**Supplied data:**
◇ ◇ ◇ ◇ ◇
lemma successive_approximation:
  fixes T :: "'a::banach \<Rightarrow> 'b::real_normed_vector"
  assumes T: "bounded_linear T" and "C \<ge> 0"
    and approx: "\<And>y. \<exists>x. norm x \<le> C * norm y \<and> norm (y - T x) \<le> norm y / 2"
  shows "\<exists>x. T x = y \<and> norm x \<le> 2 * C * norm y"
proof -
  have "\<exists>f. \<forall>y. norm (f y) \<le> C * norm y \<and> norm (y - T (f y)) \<le> norm y / 2"
    using approx by (intro choice) blast
  then obtain f where f: "\<And>y. norm (f y) \<le> C * norm y" "\<And>y. norm (y - T (f y)) \<le> norm y / 2"
    by blast
  define residual where "residual k = ((\<lambda>z. z - T (f z)) ^^ k) y" for k
  have residual_Suc: "residual (Suc k) = residual k - T (f (residual k))" for k
    by (simp add: residual_def)
  have residual_bound: "norm (residual k) \<le> norm y * (1 / 2) ^ k" for k
    unfolding residual_def using f(2) by (rule norm_funpow_halving)
  define xs where "xs k = f (residual k)" for k
  have "norm (xs k) \<le> C * norm y * (1 / 2) ^ k" for k
  proof -
    have "norm (xs k) \<le> C * norm (residual k)"
      using f(1) by (simp add: xs_def)
    also have "\<dots> \<le> C * (norm y * (1 / 2) ^ k)"
      by (rule mult_left_mono[OF residual_bound \<open>C \<ge> 0\<close>])
    finally show ?thesis by (simp add: mult.assoc)
  qed
  note xs = geometric_bound_suminf[OF this]
  have "(\<lambda>k. norm y * (1 / 2 :: real) ^ k) \<longlonglongrightarrow> 0"
    by (intro tendsto_mult_right_zero LIMSEQ_power_zero) simp
  then have "residual \<longlonglongrightarrow> 0"
    by (rule Lim_null_comparison[OF always_eventually[OF allI[OF residual_bound]]])
  then have "(\<lambda>k. residual k - residual (Suc k)) sums (residual 0 - 0)"
    by (rule telescope_sums')
  moreover have "residual k - residual (Suc k) = T (xs k)" for k
    by (simp add: residual_Suc xs_def)
  moreover have "residual 0 = y"
    by (simp add: residual_def)
  ultimately have "(\<lambda>k. T (xs k)) sums y"
    by simp
  moreover have "(\<lambda>k. T (xs k)) sums T (suminf xs)"
    using bounded_linear.sums[OF T summable_sums[OF xs(1)]] .
  ultimately have "T (suminf xs) = y"
    using sums_unique2 by blast
  then show ?thesis
    using xs(2) by (intro exI[of _ "suminf xs"]) (simp add: mult.assoc)
qed

theorem bounded_linear_inv:
  fixes T :: "'a::banach \<Rightarrow> 'b::banach"
  assumes T: "bounded_linear T" and "bij T"
  shows "bounded_linear (inv T)"
proof -
  have lin: "linear T"
    using T by (rule bounded_linear.linear)
  obtain n y r where "r > 0" and ball: "ball y r \<subseteq> closure (T ` cball 0 (real n))"
    using Baire_closure_image_cball bij_is_surj[OF \<open>bij T\<close>] by blast
  have centered: "ball 0 r \<subseteq> closure (T ` cball 0 (2 * real n))"
    using closure_image_cball_centered[OF lin ball] .
  have "2 * (2 * real n) / r \<ge> 0"
    using \<open>r > 0\<close> by simp
  then have preimage: "\<exists>x. T x = y \<and> norm x \<le> 2 * (2 * (2 * real n) / r) * norm y" for y
    using successive_approximation[OF T _ approximate_preimage[OF lin \<open>r > 0\<close> centered]]
    by blast
  have inv_T: "inv T (T x) = x" "T (inv T y) = y" for x y
    using \<open>bij T\<close> by (simp_all add: bij_is_inj bij_is_surj surj_f_inv_f)
  show ?thesis
  proof (rule bounded_linear_intro)
    show "inv T (x + y) = inv T x + inv T y" for x y
      using inv_T(1)[of "inv T x + inv T y"] by (simp add: linear_add[OF lin] inv_T(2))
    show "inv T (c *\<^sub>R x) = c *\<^sub>R inv T x" for c x
      using inv_T(1)[of "c *\<^sub>R inv T x"] by (simp add: linear_scale[OF lin] inv_T(2))
    show "norm (inv T y) \<le> norm y * (2 * (2 * (2 * real n) / r))" for y
      using preimage[of y] inv_T(1) by (auto simp: mult.commute)
  qed
qed

section \<open>Complex operators\<close>

lemma i_operator_bounded_linear: "i_operator A \<Longrightarrow> bounded_linear A"
  by (simp add: i_operator_def)

lemma i_operator_square: "i_operator A \<Longrightarrow> A (A x) = - x"
  by (simp add: i_operator_def)

lemma complex_opI: "bounded_linear T \<Longrightarrow> (\<And>x. T (A x) = B (T x)) \<Longrightarrow> complex_op T A B"
  by (auto simp: complex_op_def)

lemma complex_op_apply: "complex_op T A B \<Longrightarrow> T (A x) = B (T x)"
  by (metis comp_apply complex_op_def)

lemma complex_op_bounded_linear: "complex_op T A B \<Longrightarrow> bounded_linear T"
  by (simp add: complex_op_def)

lemma complex_op_id: "complex_op id A A"
  by (simp add: complex_op_def bounded_linear_ident[unfolded id_def[symmetric]])

lemma complex_op_compose:
  "complex_op S A B \<Longrightarrow> complex_op R B C \<Longrightarrow> complex_op (R \<circ> S) A C"
  by (intro complex_opI)
    (auto simp: complex_op_apply complex_op_bounded_linear bounded_linear_compose[unfolded o_def[symmetric]])

lemma complex_op_zero: "linear B \<Longrightarrow> complex_op (\<lambda>_. 0) A B"
  by (intro complex_opI) (simp_all add: linear_0)

lemma complex_op_add:
  "linear B \<Longrightarrow> complex_op R1 A B \<Longrightarrow> complex_op R2 A B \<Longrightarrow> complex_op (\<lambda>x. R1 x + R2 x) A B"
  by (intro complex_opI)
    (simp_all add: bounded_linear_add complex_op_bounded_linear complex_op_apply linear_add)

lemma complex_op_diff:
  "linear B \<Longrightarrow> complex_op R1 A B \<Longrightarrow> complex_op R2 A B \<Longrightarrow> complex_op (\<lambda>x. R1 x - R2 x) A B"
  by (intro complex_opI)
    (simp_all add: bounded_linear_sub complex_op_bounded_linear complex_op_apply linear_diff)

lemma complex_op_pair:
  "complex_op S1 A B1 \<Longrightarrow> complex_op S2 A B2 \<Longrightarrow> complex_op (\<lambda>x. (S1 x, S2 x)) A (map_prod B1 B2)"
  by (intro complex_opI) (simp_all add: bounded_linear_Pair complex_op_bounded_linear complex_op_apply)

lemma complex_op_fst: "complex_op fst (map_prod A B) A"
  by (intro complex_opI) (auto simp: bounded_linear_fst)

lemma complex_op_snd: "complex_op snd (map_prod A B) B"
  by (intro complex_opI) (auto simp: bounded_linear_snd)

lemma complex_op_swap: "complex_op prod.swap (map_prod A B) (map_prod B A)"
proof (rule complex_opI)
  show "bounded_linear (prod.swap :: 'a \<times> 'b \<Rightarrow> 'b \<times> 'a)"
    unfolding prod.swap_def[abs_def] by (intro bounded_linear_Pair bounded_linear_fst bounded_linear_snd)
qed auto

lemma conj_op_conj_op [simp]: "conj_op (conj_op A) = A"
  by (simp add: conj_op_def)

lemma conj_op_map_prod [simp]: "conj_op (map_prod A B) = map_prod (conj_op A) (conj_op B)"
  by (auto simp: conj_op_def)

lemma sum_op_eq_map_prod: "sum_op A = map_prod A A"
  by (auto simp: sum_op_def)

lemma complex_op_conj: "complex_op T A B \<Longrightarrow> complex_op T (conj_op A) (conj_op B)"
  by (intro complex_opI)
    (simp_all add: complex_op_bounded_linear complex_op_apply conj_op_def
      linear_neg[OF bounded_linear.linear])

lemma complex_op_inv:
  fixes T :: "'a::banach \<Rightarrow> 'b::banach"
  assumes "complex_op T A B" and "bij T"
  shows "complex_op (inv T) B A"
proof (rule complex_opI)
  show "bounded_linear (inv T)"
    using bounded_linear_inv complex_op_bounded_linear assms by blast
  show "inv T (B y) = A (inv T y)" for y
    using complex_op_apply[OF assms(1), of "inv T y"] \<open>bij T\<close>
    by (metis bij_inv_eq_iff)
qed

lemma complex_op_cscale:
  assumes "i_operator B"
  shows "complex_op (cscale B c) B B"
proof (rule complex_opI)
  interpret B: bounded_linear B
    using i_operator_bounded_linear[OF assms] .
  show "bounded_linear (cscale B c)"
    unfolding cscale_def[abs_def]
    by (intro bounded_linear_add bounded_linear_compose[OF bounded_linear_scaleR_right]
        bounded_linear_ident B.bounded_linear_axioms)
  show "cscale B c (B x) = B (cscale B c x)" for x
    using i_operator_square[OF assms] by (simp add: cscale_def B.add B.scaleR)
qed

section \<open>Operators factoring over [X,A]\<close>

lemma factors_overI:
  "complex_op S A1 A \<Longrightarrow> complex_op R A B1 \<Longrightarrow> factors_over A A1 B1 (R \<circ> S)"
  unfolding factors_over_def by blast

lemma factors_over_complex_op: "factors_over A A1 B1 T \<Longrightarrow> complex_op T A1 B1"
  unfolding factors_over_def using complex_op_compose by blast

lemma factors_over_id: "factors_over A A A id"
  using factors_overI[OF complex_op_id complex_op_id] by simp

lemma factors_over_compose:
  assumes "factors_over A A1 B1 T" and "complex_op R B1 C1" and "complex_op S D1 A1"
  shows "factors_over A D1 C1 (R \<circ> T \<circ> S)"
proof -
  obtain S0 R0 where S0: "complex_op S0 A1 A" and R0: "complex_op R0 A B1" and "T = R0 \<circ> S0"
    using assms(1) unfolding factors_over_def by blast
  then have "R \<circ> T \<circ> S = (R \<circ> R0) \<circ> (S0 \<circ> S)"
    by (simp add: comp_assoc)
  then show ?thesis
    using factors_overI[OF complex_op_compose[OF assms(3) S0] complex_op_compose[OF R0 assms(2)]]
    by simp
qed

lemma factors_over_cscale:
  assumes "i_operator B1" and "factors_over A A1 B1 T"
  shows "factors_over A A1 B1 (\<lambda>u. cscale B1 c (T u))"
  using factors_over_compose[OF assms(2) complex_op_cscale[OF assms(1)] complex_op_id]
  by (simp add: comp_def)

lemma factors_over_zero:
  assumes "i_operator A" and "i_operator B1"
  shows "factors_over A A1 B1 (\<lambda>_. 0)"
proof -
  have "linear A" "linear B1"
    using assms by (simp_all add: bounded_linear.linear i_operator_bounded_linear)
  then show ?thesis
    using factors_overI[OF complex_op_zero complex_op_zero, of A B1 A1] by (simp add: comp_def)
qed

lemma factors_over_add:
  fixes A :: "'x::banach \<Rightarrow> 'x" and B1 :: "'v::banach \<Rightarrow> 'v"
  assumes "i_operator B1" and "cisomorphic A (sum_op A)"
    and "factors_over A A1 B1 T1" and "factors_over A A1 B1 T2"
  shows "factors_over A A1 B1 (\<lambda>u. T1 u + T2 u)"
proof -
  obtain J where J: "complex_op J A (map_prod A A)" "bij J"
    using assms(2) unfolding cisomorphic_def sum_op_eq_map_prod by blast
  obtain S1 R1 where 1: "complex_op S1 A1 A" "complex_op R1 A B1" "T1 = R1 \<circ> S1"
    using assms(3) unfolding factors_over_def by blast
  obtain S2 R2 where 2: "complex_op S2 A1 A" "complex_op R2 A B1" "T2 = R2 \<circ> S2"
    using assms(4) unfolding factors_over_def by blast
  have "complex_op (inv J \<circ> (\<lambda>u. (S1 u, S2 u))) A1 A"
    using complex_op_compose[OF complex_op_pair[OF 1(1) 2(1)] complex_op_inv[OF J]] .
  moreover have "complex_op (\<lambda>x. (R1 \<circ> fst \<circ> J) x + (R2 \<circ> snd \<circ> J) x) A B1"
    using bounded_linear.linear[OF i_operator_bounded_linear[OF assms(1)]]
    by (intro complex_op_add complex_op_compose[OF J(1)] complex_op_compose[OF _ 1(2)]
        complex_op_compose[OF _ 2(2)] complex_op_fst complex_op_snd)
  moreover have "J (inv J p) = p" for p
    using J(2) by (simp add: bij_is_surj surj_f_inv_f)
  ultimately have "factors_over A A1 B1
      ((\<lambda>x. (R1 \<circ> fst \<circ> J) x + (R2 \<circ> snd \<circ> J) x) \<circ> (inv J \<circ> (\<lambda>u. (S1 u, S2 u))))"
    using factors_overI by blast
  also have "(\<lambda>x. (R1 \<circ> fst \<circ> J) x + (R2 \<circ> snd \<circ> J) x) \<circ> (inv J \<circ> (\<lambda>u. (S1 u, S2 u)))
      = (\<lambda>u. T1 u + T2 u)"
    using \<open>\<And>p. J (inv J p) = p\<close> 1(3) 2(3) by (simp add: comp_def)
  finally show ?thesis .
qed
◇ ◇ ◇ ◇ ◇
**What is needed:** Please, from the entries above, set down exactly the lines from the one containing "real n) / r \<ge>" through the one containing "(x + y) = inv", and only those.

**Problem solution:**
  have "2 * (2 * real n) / r \<ge> 0"
    using \<open>r > 0\<close> by simp
  then have preimage: "\<exists>x. T x = y \<and> norm x \<le> 2 * (2 * (2 * real n) / r) * norm y" for y
    using successive_approximation[OF T _ approximate_preimage[OF lin \<open>r > 0\<close> centered]]
    by blast
  have inv_T: "inv T (T x) = x" "T (inv T y) = y" for x y
    using \<open>bij T\<close> by (simp_all add: bij_is_inj bij_is_surj surj_f_inv_f)
  show ?thesis
  proof (rule bounded_linear_intro)
    show "inv T (x + y) = inv T x + inv T y" for x y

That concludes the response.